§ **Exercise prompt**:
Only the lines from the top of the data through the line with "(hamming t v" should be repeated, each exactly as written.

§ **Source material**:
::::::::::

(* For any voter matrix $V$ with $t$ topics, there exists a proposal $p$ supported by $V$ with $R_p\ge \frac12-\frac1t$. In particular, $r_V\ge \frac23-\frac{4}{3t}$.
   Context: A voter matrix with $t$ topics is a matrix $V\in\{Y,N\}^{n\times t}$ for positive integers $n,t$ (rows are voters), subject to the standing assumption that in every column the number of entries $Y$ is at least the number of entries $N$. A proposal is a vector $p\in\{Y,N\}^t$. A voter $v$ supports $p$ if the Hamming distance between $v$ and $p$ is at most $t/2$; $p$ is supported by $V$ if at least $n/2$ rows of $V$ support $p$. For $i=1,\dots,t$ let $m_i$ be the fraction of entries $Y$ in column $i$ of $V$, and $m_V=\frac1t\sum_i m_i$. For a proposal $p$ let $m_i'=m_i$ if $p_i=Y$ and $m_i'=1-m_i$ if $p_i=N$; set $R_p=\frac1t\sum_i m_i'$ and $r_p=R_p/m_V$. $r_V$ is the maximum of $r_p$ over all proposals $p$ supported by $V$. *)

theory Defs
  imports Complex_Main
begin

(* A voter matrix with n voters and t topics is V :: nat => nat => bool,
   V j i = True meaning voter j says Y on topic i (only j < n, i < t matter).
   A proposal is p :: nat => bool with p i = True meaning Y; proposals are
   normalised to be False outside {..<t}. *)

definition voter_matrix :: "nat \<Rightarrow> nat \<Rightarrow> (nat \<Rightarrow> nat \<Rightarrow> bool) \<Rightarrow> bool" where
  "voter_matrix n t V \<longleftrightarrow> 0 < n \<and> 0 < t \<and>
     (\<forall>i<t. card {j\<in>{..<n}. \<not> V j i} \<le> card {j\<in>{..<n}. V j i})"

definition proposals :: "nat \<Rightarrow> (nat \<Rightarrow> bool) set" where
  "proposals t = {p. \<forall>i\<ge>t. \<not> p i}"

definition hamming :: "nat \<Rightarrow> (nat \<Rightarrow> bool) \<Rightarrow> (nat \<Rightarrow> bool) \<Rightarrow> nat" where
  "hamming t v p = card {i\<in>{..<t}. v i \<noteq> p i}"

definition supports :: "nat \<Rightarrow> (nat \<Rightarrow> bool) \<Rightarrow> (nat \<Rightarrow> bool) \<Rightarrow> bool" where
  "supports t v p \<longleftrightarrow> real (hamming t v p) \<le> real t / 2"

definition supported :: "nat \<Rightarrow> nat \<Rightarrow> (nat \<Rightarrow> nat \<Rightarrow> bool) \<Rightarrow> (nat \<Rightarrow> bool) \<Rightarrow> bool" where
  "supported n t V p \<longleftrightarrow> real (card {j\<in>{..<n}. supports t (V j) p}) \<ge> real n / 2"

definition mfrac :: "nat \<Rightarrow> (nat \<Rightarrow> nat \<Rightarrow> bool) \<Rightarrow> nat \<Rightarrow> real" where
  "mfrac n V i = real (card {j\<in>{..<n}. V j i}) / real n"

definition mV :: "nat \<Rightarrow> nat \<Rightarrow> (nat \<Rightarrow> nat \<Rightarrow> bool) \<Rightarrow> real" where
  "mV n t V = (\<Sum>i<t. mfrac n V i) / real t"

definition Rp :: "nat \<Rightarrow> nat \<Rightarrow> (nat \<Rightarrow> nat \<Rightarrow> bool) \<Rightarrow> (nat \<Rightarrow> bool) \<Rightarrow> real" where
  "Rp n t V p = (\<Sum>i<t. if p i then mfrac n V i else 1 - mfrac n V i) / real t"

definition rp :: "nat \<Rightarrow> nat \<Rightarrow> (nat \<Rightarrow> nat \<Rightarrow> bool) \<Rightarrow> (nat \<Rightarrow> bool) \<Rightarrow> real" where
  "rp n t V p = Rp n t V p / mV n t V"

definition rV :: "nat \<Rightarrow> nat \<Rightarrow> (nat \<Rightarrow> nat \<Rightarrow> bool) \<Rightarrow> real" where
  "rV n t V = Max (rp n t V ` {p \<in> proposals t. supported n t V p})"

end

theory Submission
  imports Defs
begin

(* A proposal and its complement on the t topics are at Hamming distances summing
   to t from every voter, so each voter supports one of them and one of the two is supported;
   their R-values add up to 1. Flipping the proposals "Y exactly on topics k, ..., t-1" one topic
   at a time moves R from m_V >= 1/2 (k = 0) to 1 - m_V <= 1/2 (k = t) in steps of at most 1/t,
   so some such proposal has R in [1/2, 1/2 + 1/t]; it or its complement is supported and has
   R >= 1/2 - 1/t. For the ratio: if m_V <= 3/4 this proposal gives r_p >= (1/2 - 1/t) / (3/4).
   If m_V > 3/4, the average distance of a voter from the all-Y proposal is t (1 - m_V) < t/4,
   so by Markov's inequality fewer than half of the voters are farther than t/2: the all-Y
   proposal is supported and has r_p = 1. *)

definition compl_proposal :: "nat \<Rightarrow> (nat \<Rightarrow> bool) \<Rightarrow> nat \<Rightarrow> bool" where
  "compl_proposal t p = (\<lambda>i. i < t \<and> \<not> p i)"

definition yes_from :: "nat \<Rightarrow> nat \<Rightarrow> nat \<Rightarrow> bool" where
  "yes_from t k = (\<lambda>i. k \<le> i \<and> i < t)"

lemma compl_proposal_in_proposals: "compl_proposal t p \<in> proposals t"
  unfolding compl_proposal_def proposals_def by simp

lemma yes_from_in_proposals: "yes_from t k \<in> proposals t"
  unfolding yes_from_def proposals_def by simp

lemma finite_proposals: "finite (proposals t)"
proof (rule finite_subset)
  show "proposals t \<subseteq> (\<lambda>S i. i \<in> S) ` Pow {..<t}"
  proof
    fix p assume "p \<in> proposals t"
    then have "{i. p i} \<in> Pow {..<t}" unfolding proposals_def by (auto simp: not_le[symmetric])
    moreover have "p = (\<lambda>i. i \<in> {i. p i})" by simp
    ultimately show "p \<in> (\<lambda>S i. i \<in> S) ` Pow {..<t}" by blast
  qed
qed simp

lemma card_filter_add_card_filter_not:
  "finite A \<Longrightarrow> card {x\<in>A. P x} + card {x\<in>A. \<not> P x} = card A"
  by (subst card_Un_disjoint[symmetric]) (auto intro: arg_cong[where f = card])

lemma card_gt_mult_le_sum:
  fixes h :: "'a \<Rightarrow> real"
  assumes "finite A" and "\<And>x. x \<in> A \<Longrightarrow> 0 \<le> h x"
  shows "real (card {x\<in>A. a < h x}) * a \<le> (\<Sum>x\<in>A. h x)"
proof -
  have "real (card {x\<in>A. a < h x}) * a = (\<Sum>x\<in>{x\<in>A. a < h x}. a)" by simp
  also have "\<dots> \<le> (\<Sum>x\<in>{x\<in>A. a < h x}. h x)" by (rule sum_mono) simp
  also have "\<dots> \<le> (\<Sum>x\<in>A. h x)" by (rule sum_mono2) (use assms in auto)
  finally show ?thesis .
qed

lemma bounded_steps_crossing:
  fixes f :: "nat \<Rightarrow> real"
  assumes "c \<le> f 0" and "f m \<le> c" and "0 \<le> d" and "\<And>k. k < m \<Longrightarrow> f k \<le> f (Suc k) + d"
  shows "\<exists>k\<le>m. c \<le> f k \<and> f k \<le> c + d"
  using assms
proof (induction m arbitrary: f)
  case 0
  then show ?case by auto
next
  case (Suc m)
  show ?case
  proof (cases "c \<le> f 1")
    case True
    then obtain k where "k \<le> m" "c \<le> f (Suc k)" "f (Suc k) \<le> c + d"
      using Suc.IH[of "\<lambda>k. f (Suc k)"] Suc.prems by auto
    then show ?thesis by (intro exI[of _ "Suc k"]) auto
  next
    case False
    then show ?thesis using Suc.prems(1) Suc.prems(4)[of 0] by auto
  qed
qed

lemma hamming_add_hamming_compl: "hamming t v p + hamming t v (compl_proposal t p) = t"
proof -
  have "{i\<in>{..<t}. v i \<noteq> compl_proposal t p i} = {i\<in>{..<t}. \<not> v i \<noteq> p i}"
    unfolding compl_proposal_def by auto
  then show ?thesis
    unfolding hamming_def using card_filter_add_card_filter_not[of "{..<t}" "\<lambda>i. v i \<noteq> p i"]
    by simp
qed

lemma supported_or_supported_compl:
  "supported n t V p \<or> supported n t V (compl_proposal t p)"
proof -
  let ?A = "{j\<in>{..<n}. supports t (V j) p}"
  let ?B = "{j\<in>{..<n}. supports t (V j) (compl_proposal t p)}"
  have "{..<n} \<subseteq> ?A \<union> ?B"
  proof
    fix j assume "j \<in> {..<n}"
    moreover have "real (hamming t (V j) p) + real (hamming t (V j) (compl_proposal t p)) = real t"
      using hamming_add_hamming_compl by (metis of_nat_add)
    ultimately show "j \<in> ?A \<union> ?B" unfolding supports_def by auto
  qed
  then have "n \<le> card (?A \<union> ?B)" using card_mono[of "?A \<union> ?B" "{..<n}"] by simp
  also have "\<dots> \<le> card ?A + card ?B" by (rule card_Un_le)
  finally show ?thesis unfolding supported_def by linarith
qed

lemma card_yes_votes: "0 < n \<Longrightarrow> real (card {j\<in>{..<n}. V j i}) = real n * mfrac n V i"
  unfolding mfrac_def by simp

lemma card_no_votes:
  assumes "0 < n"
  shows "real (card {j\<in>{..<n}. \<not> V j i}) = real n * (1 - mfrac n V i)"
proof -
  have "real (card {j\<in>{..<n}. \<not> V j i}) = real n - real (card {j\<in>{..<n}. V j i})"
    using card_filter_add_card_filter_not[of "{..<n}" "\<lambda>j. V j i"] by (simp flip: of_nat_add)
  then show ?thesis using card_yes_votes[OF assms] by (simp add: algebra_simps)
qed

lemma
  assumes "voter_matrix n t V" and "i < t"
  shows mfrac_ge_half: "1/2 \<le> mfrac n V i"
    and mfrac_le_one: "mfrac n V i \<le> 1"
proof -
  have n: "0 < n" using assms(1) unfolding voter_matrix_def by simp
  have "real (card {j\<in>{..<n}. \<not> V j i}) \<le> real (card {j\<in>{..<n}. V j i})"
    using assms unfolding voter_matrix_def by simp
  then have "real n * (1 - mfrac n V i) \<le> real n * mfrac n V i"
    unfolding card_no_votes[OF n, of V i] card_yes_votes[OF n, of V i] .
  then have "1 - mfrac n V i \<le> mfrac n V i" by (rule mult_left_le_imp_le) (use n in simp)
  then show "1/2 \<le> mfrac n V i" by simp
  have "0 \<le> real n * (1 - mfrac n V i)" by (metis card_no_votes[OF n] of_nat_0_le_iff)
  then show "mfrac n V i \<le> 1" using n by (simp add: zero_le_mult_iff)
qed

lemma mV_ge_half:
  assumes "voter_matrix n t V"
  shows "1/2 \<le> mV n t V"
proof -
  have t: "0 < t" using assms unfolding voter_matrix_def by simp
  have "(\<Sum>i<t. 1/2) \<le> (\<Sum>i<t. mfrac n V i)"
    by (intro sum_mono mfrac_ge_half[OF assms]) simp
  then show ?thesis unfolding mV_def using t by (simp add: field_simps)
qed

lemma Rp_nonneg:
  assumes "voter_matrix n t V"
  shows "0 \<le> Rp n t V p"
  unfolding Rp_def using mfrac_ge_half[OF assms] mfrac_le_one[OF assms]
  by (force intro: divide_nonneg_nonneg sum_nonneg)

lemma Rp_compl_proposal:
  assumes "0 < t"
  shows "Rp n t V (compl_proposal t p) = 1 - Rp n t V p"
proof -
  have "(\<Sum>i<t. if compl_proposal t p i then mfrac n V i else 1 - mfrac n V i)
      = (\<Sum>i<t. 1 - (if p i then mfrac n V i else 1 - mfrac n V i))"
    unfolding compl_proposal_def by (rule sum.cong) auto
  then show ?thesis unfolding Rp_def using assms by (simp add: sum_subtractf field_simps)
qed

lemma Rp_yes_from_0: "Rp n t V (yes_from t 0) = mV n t V"
  unfolding Rp_def mV_def yes_from_def by (auto intro: arg_cong[where f = "\<lambda>x. x / real t"] sum.cong)

lemma Rp_yes_from_t: "0 < t \<Longrightarrow> Rp n t V (yes_from t t) = 1 - mV n t V"
  unfolding Rp_def mV_def yes_from_def by (simp add: sum_subtractf field_simps)

lemma Rp_yes_from_step:
  assumes "voter_matrix n t V" and "k < t"
  shows "Rp n t V (yes_from t k) \<le> Rp n t V (yes_from t (Suc k)) + 1 / real t"
proof -
  let ?f = "\<lambda>k i. if yes_from t k i then mfrac n V i else 1 - mfrac n V i"
  have "(\<Sum>i<t. ?f k i) - (\<Sum>i<t. ?f (Suc k) i) = (\<Sum>i<t. ?f k i - ?f (Suc k) i)"
    by (simp add: sum_subtractf)
  also have "\<dots> = (\<Sum>i<t. if i = k then 2 * mfrac n V k - 1 else 0)"
    by (rule sum.cong) (auto simp: yes_from_def)
  also have "\<dots> \<le> 1" using assms(2) mfrac_le_one[OF assms] by simp
  finally show ?thesis unfolding Rp_def using assms(2) by (simp add: field_simps)
qed

lemma exists_supported_Rp_ge:
  assumes V: "voter_matrix n t V"
  shows "\<exists>p\<in>proposals t. supported n t V p \<and> 1/2 - 1 / real t \<le> Rp n t V p"
proof -
  have t: "0 < t" using V unfolding voter_matrix_def by simp
  obtain k where "k \<le> t" and k: "1/2 \<le> Rp n t V (yes_from t k)"
    "Rp n t V (yes_from t k) \<le> 1/2 + 1 / real t"
    using bounded_steps_crossing[of "1/2" "\<lambda>k. Rp n t V (yes_from t k)" t "1 / real t"]
      Rp_yes_from_0 Rp_yes_from_t[OF t] mV_ge_half[OF V] Rp_yes_from_step[OF V]
    by auto
  show ?thesis
  proof (cases "supported n t V (yes_from t k)")
    case True
    moreover have "0 \<le> 1 / real t" by simp
    then have "1/2 - 1 / real t \<le> Rp n t V (yes_from t k)" using k(1) by linarith
    ultimately show ?thesis using yes_from_in_proposals by blast
  next
    case False
    then show ?thesis
      using supported_or_supported_compl[of n t V "yes_from t k"] k(2)
        Rp_compl_proposal[OF t] compl_proposal_in_proposals
      by (intro bexI[of _ "compl_proposal t (yes_from t k)"]) auto
  qed
qed

lemma sum_hamming_yes_from_0:
  assumes "voter_matrix n t V"
  shows "(\<Sum>j<n. real (hamming t (V j) (yes_from t 0))) = real n * real t * (1 - mV n t V)"
proof -
  have n: "0 < n" and t: "0 < t" using assms unfolding voter_matrix_def by simp_all
  have "hamming t v (yes_from t 0) = card {i\<in>{..<t}. \<not> v i}" for v
    unfolding hamming_def yes_from_def by (rule arg_cong[where f = card]) auto
  then have "(\<Sum>j<n. real (hamming t (V j) (yes_from t 0))) = (\<Sum>j<n. \<Sum>i<t. of_bool (\<not> V j i))"
    by (simp add: Int_def)
  also have "\<dots> = (\<Sum>i<t. real (card {j\<in>{..<n}. \<not> V j i}))"
    by (subst sum.swap) (simp add: Int_def)
  also have "\<dots> = (\<Sum>i<t. real n * (1 - mfrac n V i))"
    unfolding card_no_votes[OF n] ..
  also have "\<dots> = real n * real t * (1 - mV n t V)"
    unfolding mV_def using t by (simp add: sum_subtractf sum_distrib_left[symmetric] field_simps)
  finally show ?thesis .
qed

lemma yes_from_0_supported:
  assumes V: "voter_matrix n t V" and "3/4 < mV n t V"
  shows "supported n t V (yes_from t 0)"
proof -
  have n: "0 < n" and t: "0 < t" using V unfolding voter_matrix_def by simp_all
  let ?h = "\<lambda>j. real (hamming t (V j) (yes_from t 0))"
  let ?far = "{j\<in>{..<n}. real t / 2 < ?h j}"
  have "real (card ?far) * (real t / 2) \<le> real n * real t * (1 - mV n t V)"
    using card_gt_mult_le_sum[of "{..<n}" ?h "real t / 2"] sum_hamming_yes_from_0[OF V] by simp
  also have "\<dots> < real n * real t / 4" using assms(2) n t by simp
  finally have "real (card ?far) < real n / 2" using t by (simp add: field_simps)
  moreover have "card {j\<in>{..<n}. supports t (V j) (yes_from t 0)} + card ?far = n"
    using card_filter_add_card_filter_not[of "{..<n}" "\<lambda>j. supports t (V j) (yes_from t 0)"]
    unfolding supports_def by (simp add: not_le)
  ultimately show ?thesis unfolding supported_def by linarith
qed

lemma rp_le_rV:
  assumes "p \<in> proposals t" and "supported n t V p"
  shows "rp n t V p \<le> rV n t V"
  unfolding rV_def using assms finite_proposals by (intro Max_ge) auto

theorem lemma5p2:
  fixes n t :: nat and V :: "nat \<Rightarrow> nat \<Rightarrow> bool"
  assumes "voter_matrix n t V"
  shows "(\<exists>p\<in>proposals t. supported n t V p \<and> Rp n t V p \<ge> 1/2 - 1 / real t)
         \<and> rV n t V \<ge> 2/3 - 4 / (3 * real t)"
proof
  show "\<exists>p\<in>proposals t. supported n t V p \<and> Rp n t V p \<ge> 1/2 - 1 / real t"
    using exists_supported_Rp_ge[OF assms] .
  then obtain p where p: "p \<in> proposals t" "supported n t V p" "1/2 - 1 / real t \<le> Rp n t V p"
    by blast
  have t: "0 < t" using assms unfolding voter_matrix_def by simp
  have mV: "1/2 \<le> mV n t V" using mV_ge_half[OF assms] .
  show "rV n t V \<ge> 2/3 - 4 / (3 * real t)"
  proof (cases "mV n t V \<le> 3/4")
    case True
    have "2/3 - 4 / (3 * real t) = (1/2 - 1 / real t) / (3/4)" by (simp add: field_simps)
    also have "\<dots> \<le> Rp n t V p / (3/4)" using p(3) by (simp add: divide_right_mono)
    also have "\<dots> \<le> rp n t V p"
      unfolding rp_def using Rp_nonneg[OF assms] True mV by (intro divide_left_mono) auto
    also have "\<dots> \<le> rV n t V" using rp_le_rV p(1,2) .
    finally show ?thesis .
  next
    case False
    have "2/3 - 4 / (3 * real t) \<le> 1" using t by (simp add: field_simps)
    also have "\<dots> = rp n t V (yes_from t 0)" unfolding rp_def Rp_yes_from_0 using mV by simp
    also have "\<dots> \<le> rV n t V"
      using rp_le_rV yes_from_in_proposals yes_from_0_supported[OF assms] False by simp
    finally show ?thesis .
  qed
qed

end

::::::::::

§ **Response below**:
(* For any voter matrix $V$ with $t$ topics, there exists a proposal $p$ supported by $V$ with $R_p\ge \frac12-\frac1t$. In particular, $r_V\ge \frac23-\frac{4}{3t}$.
   Context: A voter matrix with $t$ topics is a matrix $V\in\{Y,N\}^{n\times t}$ for positive integers $n,t$ (rows are voters), subject to the standing assumption that in every column the number of entries $Y$ is at least the number of entries $N$. A proposal is a vector $p\in\{Y,N\}^t$. A voter $v$ supports $p$ if the Hamming distance between $v$ and $p$ is at most $t/2$; $p$ is supported by $V$ if at least $n/2$ rows of $V$ support $p$. For $i=1,\dots,t$ let $m_i$ be the fraction of entries $Y$ in column $i$ of $V$, and $m_V=\frac1t\sum_i m_i$. For a proposal $p$ let $m_i'=m_i$ if $p_i=Y$ and $m_i'=1-m_i$ if $p_i=N$; set $R_p=\frac1t\sum_i m_i'$ and $r_p=R_p/m_V$. $r_V$ is the maximum of $r_p$ over all proposals $p$ supported by $V$. *)

theory Defs
  imports Complex_Main
begin

(* A voter matrix with n voters and t topics is V :: nat => nat => bool,
   V j i = True meaning voter j says Y on topic i (only j < n, i < t matter).
   A proposal is p :: nat => bool with p i = True meaning Y; proposals are
   normalised to be False outside {..<t}. *)

definition voter_matrix :: "nat \<Rightarrow> nat \<Rightarrow> (nat \<Rightarrow> nat \<Rightarrow> bool) \<Rightarrow> bool" where
  "voter_matrix n t V \<longleftrightarrow> 0 < n \<and> 0 < t \<and>
     (\<forall>i<t. card {j\<in>{..<n}. \<not> V j i} \<le> card {j\<in>{..<n}. V j i})"

definition proposals :: "nat \<Rightarrow> (nat \<Rightarrow> bool) set" where
  "proposals t = {p. \<forall>i\<ge>t. \<not> p i}"

definition hamming :: "nat \<Rightarrow> (nat \<Rightarrow> bool) \<Rightarrow> (nat \<Rightarrow> bool) \<Rightarrow> nat" where
  "hamming t v p = card {i\<in>{..<t}. v i \<noteq> p i}"

definition supports :: "nat \<Rightarrow> (nat \<Rightarrow> bool) \<Rightarrow> (nat \<Rightarrow> bool) \<Rightarrow> bool" where
  "supports t v p \<longleftrightarrow> real (hamming t v p) \<le> real t / 2"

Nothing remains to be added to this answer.